Пущин в нем разбудил бурные чувства ранней их молодости, и среди напряженной работы над исторической своей трагедией, где, по необходимости, многое было приглушено, он давал выход и обнаженному кипению политической страсти. И с трудом соединяемые вещи чудесно в нем совмещались. Так и тот ясный покой, которым дышал теперь в личном своем бытии, ничуть не противоречил, а даже скорей помогал проявиться тем резким, но и обобщающим поискам самого себя, которые были столь изумительно скрыты от всех его окружавших. Все обостреннее и отчетливей он проводил черту между собой и друзьями. Он не раз себя спрашивал, ответил ли бы так же и он, как ответил ему Пущин: «Надо — пойду»? Пошел ли бы так же и он, если бы было восстание? Пушкин прямого ответа и самому себе не давал, хоть и знал очень твердо, что возможная виселица его не пугала. С такими вещами он даже просто шутил:
И дабы впредь не смел чудесить,
Поймавши, истинно повесить
И живота весьма лишить.
Но он ставит перед собою вопрос об особливой роли поэта в политических бурях и даже о том, пускаться ли в них, если принадлежишь только себе. В своего «Андрея Шенье», которого он посвятил своему другу Николаю Раевскому, он вкладывал весь огонь своего сердца, всю глубину раздумья и всю музыку слез.
Зачем от жизни сей, ленивой и простой,
Я кинулся туда, где ужас роковой…
Место ли в бурях мирному поэту?
…Куда, мои надежды,
Вы завлекли меня!
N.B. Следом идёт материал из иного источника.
lemma tensor_eq_map_right:
  assumes eq: "tensor_eq R M ract N xs ys"
    and closed: "\<And>y. y \<in> carrier N \<Longrightarrow> \<phi> y \<in> carrier N'"
    and additive: "\<And>y y'. y \<in> carrier N \<Longrightarrow> y' \<in> carrier N \<Longrightarrow>
      \<phi> (y \<oplus>\<^bsub>N\<^esub> y') = \<phi> y \<oplus>\<^bsub>N'\<^esub> \<phi> y'"
    and linear: "\<And>r y. r \<in> carrier R \<Longrightarrow> y \<in> carrier N \<Longrightarrow>
      \<phi> (r \<odot>\<^bsub>N\<^esub> y) = r \<odot>\<^bsub>N'\<^esub> \<phi> y"
  shows "tensor_eq R M ract N' (map (apsnd \<phi>) xs) (map (apsnd \<phi>) ys)"
proof -
  have "freeab_diff xs ys \<in> tensor_rel R M ract N"
    using eq by (simp add: tensor_eq_def freeab_diff_def)
  then have "freeab_diff (map (apsnd \<phi>) xs) (map (apsnd \<phi>) ys) \<in> tensor_rel R M ract N'"
    using closed additive linear by (rule tensor_rel_map_right)
  moreover have "set (map (apsnd \<phi>) zs) \<subseteq> carrier M \<times> carrier N'"
    if "set zs \<subseteq> carrier M \<times> carrier N" for zs
    using that closed by auto
  ultimately show ?thesis
    using eq by (simp add: tensor_eq_def freeab_diff_def)
qed

definition postcomp :: "('s, 'm) module \<Rightarrow> ('p \<Rightarrow> 'q) \<Rightarrow> ('m \<Rightarrow> 'p) \<Rightarrow> ('m \<Rightarrow> 'q)" where
  "postcomp M f g = (\<lambda>x\<in>carrier M. f (g x))"

lemma carrier_hom_module [simp]: "carrier (hom_module S M ract Q) = lhom S M Q"
  by (simp add: hom_module_def)

lemma bimodule_lmodule: "bimodule S R M ract \<Longrightarrow> lmodule S M"
  by (simp add: bimodule_def)

lemma lhom_closed: "f \<in> lhom S M Q \<Longrightarrow> x \<in> carrier M \<Longrightarrow> f x \<in> carrier Q"
  unfolding lhom_def by auto

lemma lhom_id: "lmodule S M \<Longrightarrow> (\<lambda>x\<in>carrier M. x) \<in> lhom S M M"
  unfolding lhom_def lmodule_def by (auto intro: abelian_monoid.a_closed abelian_group.axioms(1))

lemma postcomp_lhom:
  assumes "lmodule S M" "f \<in> lhom S P Q" "g \<in> lhom S M P"
  shows "postcomp M f g \<in> lhom S M Q"
proof -
  have "x \<oplus>\<^bsub>M\<^esub> y \<in> carrier M" if "x \<in> carrier M" "y \<in> carrier M" for x y
    using assms(1) that unfolding lmodule_def by (auto intro: abelian_monoid.a_closed abelian_group.axioms(1))
  moreover have "s \<odot>\<^bsub>M\<^esub> x \<in> carrier M" if "s \<in> carrier S" "x \<in> carrier M" for s x
    using assms(1) that unfolding lmodule_def by auto
  ultimately show ?thesis
    using assms(2,3) lhom_closed[OF assms(3)] unfolding lhom_def postcomp_def by auto
qed

lemma postcomp_add:
  assumes "f \<in> lhom S P Q" "g \<in> lhom S M P" "g' \<in> lhom S M P"
  shows "postcomp M f (g \<oplus>\<^bsub>hom_module S M ract P\<^esub> g')
    = postcomp M f g \<oplus>\<^bsub>hom_module S M ract Q\<^esub> postcomp M f g'"
  using assms lhom_closed[OF assms(2)] lhom_closed[OF assms(3)]
  unfolding lhom_def postcomp_def hom_module_def by (auto simp: fun_eq_iff)

lemma postcomp_smult:
  assumes "bimodule S R M ract" "r \<in> carrier R"
  shows "postcomp M f (r \<odot>\<^bsub>hom_module S M ract P\<^esub> g) = r \<odot>\<^bsub>hom_module S M ract Q\<^esub> postcomp M f g"
  using assms unfolding bimodule_def postcomp_def hom_module_def by (auto simp: fun_eq_iff)

lemma postcomp_id:
  assumes "f \<in> lhom S M Q"
  shows "postcomp M f (\<lambda>x\<in>carrier M. x) = f"
  using assms unfolding lhom_def postcomp_def by (auto simp: fun_eq_iff PiE_def extensional_def)

lemma postcomp_dual_times:
  assumes "f \<in> lhom S P Q" "g \<in> carrier M \<rightarrow> carrier S" "p \<in> carrier P"
  shows "postcomp M f (dual_times M P g p) = dual_times M Q g (f p)"
  using assms unfolding lhom_def postcomp_def dual_times_def by (auto simp: fun_eq_iff)

theorem lemma3p7:
  fixes R :: "'r ring" and S :: "'s ring" and M :: "('s, 'm) module"
    and ract :: "'m \<Rightarrow> 'r \<Rightarrow> 'm"
    and n :: nat and ms :: "nat \<Rightarrow> 'm" and fs :: "nat \<Rightarrow> 'm \<Rightarrow> 's"
  assumes "ring R" and "ring S" and "bimodule S R M ract"
    and "\<And>i. i < n \<Longrightarrow> ms i \<in> carrier M"
    and "\<And>i. i < n \<Longrightarrow> fs i \<in> lhom S M (ring_lmod S)"
  shows "((\<forall>(Q :: ('s, 'm) module) f m. lmodule S Q \<longrightarrow> f \<in> lhom S M Q \<longrightarrow> m \<in> carrier M \<longrightarrow>
              cond_Q S R M ract n ms fs Q f m)
            \<longrightarrow> (\<forall>m\<in>carrier M. cond_End S R M ract n ms fs m))
       \<and> ((\<forall>m\<in>carrier M. cond_End S R M ract n ms fs m)
            \<longrightarrow> (\<forall>(Q :: ('s, 'q) module) f m. lmodule S Q \<longrightarrow> f \<in> lhom S M Q \<longrightarrow> m \<in> carrier M \<longrightarrow>
              cond_Q S R M ract n ms fs Q f m))"
proof (intro conjI impI ballI allI)
  fix m
  assume "\<forall>(Q :: ('s, 'm) module) f m. lmodule S Q \<longrightarrow> f \<in> lhom S M Q \<longrightarrow> m \<in> carrier M \<longrightarrow>
      cond_Q S R M ract n ms fs Q f m"
    and m: "m \<in> carrier M"
  then have "cond_Q S R M ract n ms fs M (\<lambda>x\<in>carrier M. x) m"
    using bimodule_lmodule[OF assms(3)] lhom_id by blast
  with m show "cond_End S R M ract n ms fs m"
    by (simp add: cond_Q_def cond_End_def)
next
  have fs_funcset: "fs i \<in> carrier M \<rightarrow> carrier S" if "i < n" for i
    using assms(5)[OF that] by (auto simp: lhom_def ring_lmod_def)
  fix Q :: "('s, 'q) module" and f m
  assume "\<forall>m\<in>carrier M. cond_End S R M ract n ms fs m"
    and f: "f \<in> lhom S M Q" and m: "m \<in> carrier M"
  then have "tensor_eq R M ract (hom_module S M ract M) [(m, \<lambda>x\<in>carrier M. x)]
      (map (\<lambda>i. (ms i, dual_times M M (fs i) m)) [0..<n])"
    by (simp add: cond_End_def)
  then have "tensor_eq R M ract (hom_module S M ract Q)
      (map (apsnd (postcomp M f)) [(m, \<lambda>x\<in>carrier M. x)])
      (map (apsnd (postcomp M f)) (map (\<lambda>i. (ms i, dual_times M M (fs i) m)) [0..<n]))"
    by (rule tensor_eq_map_right)
      (simp_all add: postcomp_lhom[OF bimodule_lmodule[OF assms(3)] f] postcomp_add[OF f]
        postcomp_smult[OF assms(3)])
  moreover have "map (apsnd (postcomp M f)) [(m, \<lambda>x\<in>carrier M. x)] = [(m, f)]"
    by (simp add: postcomp_id[OF f])
  moreover have "map (apsnd (postcomp M f)) (map (\<lambda>i. (ms i, dual_times M M (fs i) m)) [0..<n])
      = map (\<lambda>i. (ms i, dual_times M Q (fs i) (f m))) [0..<n]"
    by (auto intro: map_cong simp: postcomp_dual_times[OF f fs_funcset m])
  ultimately show "cond_Q S R M ract n ms fs Q f m"
    unfolding cond_Q_def by (simp only:)
qed

end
Что делать было мне,
Мне, верному любви, стихам и тишине…
И вспоминался Пущин опять: «Я думаю, это возможно не раньше, как лет через десять». По своему теперешнему ощущению, вопреки предчувствию Михаила Федоровича Орлова, он удлинил бы и этот срок, ибо не видел еще подлинной силы, способной опрокинуть самовластие, и еще того менее теперь был уверен в себе, в своей личной пригодности для этого дела. Его Андрей Шенье, с которым как бы порою сливал он себя, спрашивал с горечью:
Мне ль было управлять строптивыми конями
И круто напрягать бессильные бразды?
Но за минутным безверием следовал взрыв подлинной силы, и обреченный на плаху провозглашал как власть имеющий:
О нет!
Умолкни, ропот малодушный,
Гордись и радуйся, поэт:
Ты не поник главой послушной
Перед позором наших лет…
Образ поэта, певшего свободу и не нашедшего для себя ее осуществления, павшего на гильотине, казался ему, когда заглядывал не в одно только прошлое, но и в возможное будущее, близким и родственным. Старого монарха он помянул потому, что Шенье был исторически связан с ним, а кроме того, это делало появление в печати стихов самого Пушкина хотя бы призрачно возможным, но главное дело было в другом. Его свобода глядела дальше. Он не поддавался угнетающим мыслям и устами героя — об идеале свободы своей и о народе, который жаждал ее, — говорил с уверенностью:
Так — он найдет тебя. Под сению равенства
В объятиях твоих он сладко отдохнёт.
Так буря мрачная минёт!
Казалось бы, пасха с ее колокольными звонами, куличами и красными яйцами, христосованьем и качелями на дворе, песнями, пляской должна была Пушкина оторвать от его дум. И действительно, живо во всем он участвовал сам, но как-то, не докликавшись раз, чтобы ему оседлали коня, зашел он на кухню и, войдя, даже забыл, зачем он зашел.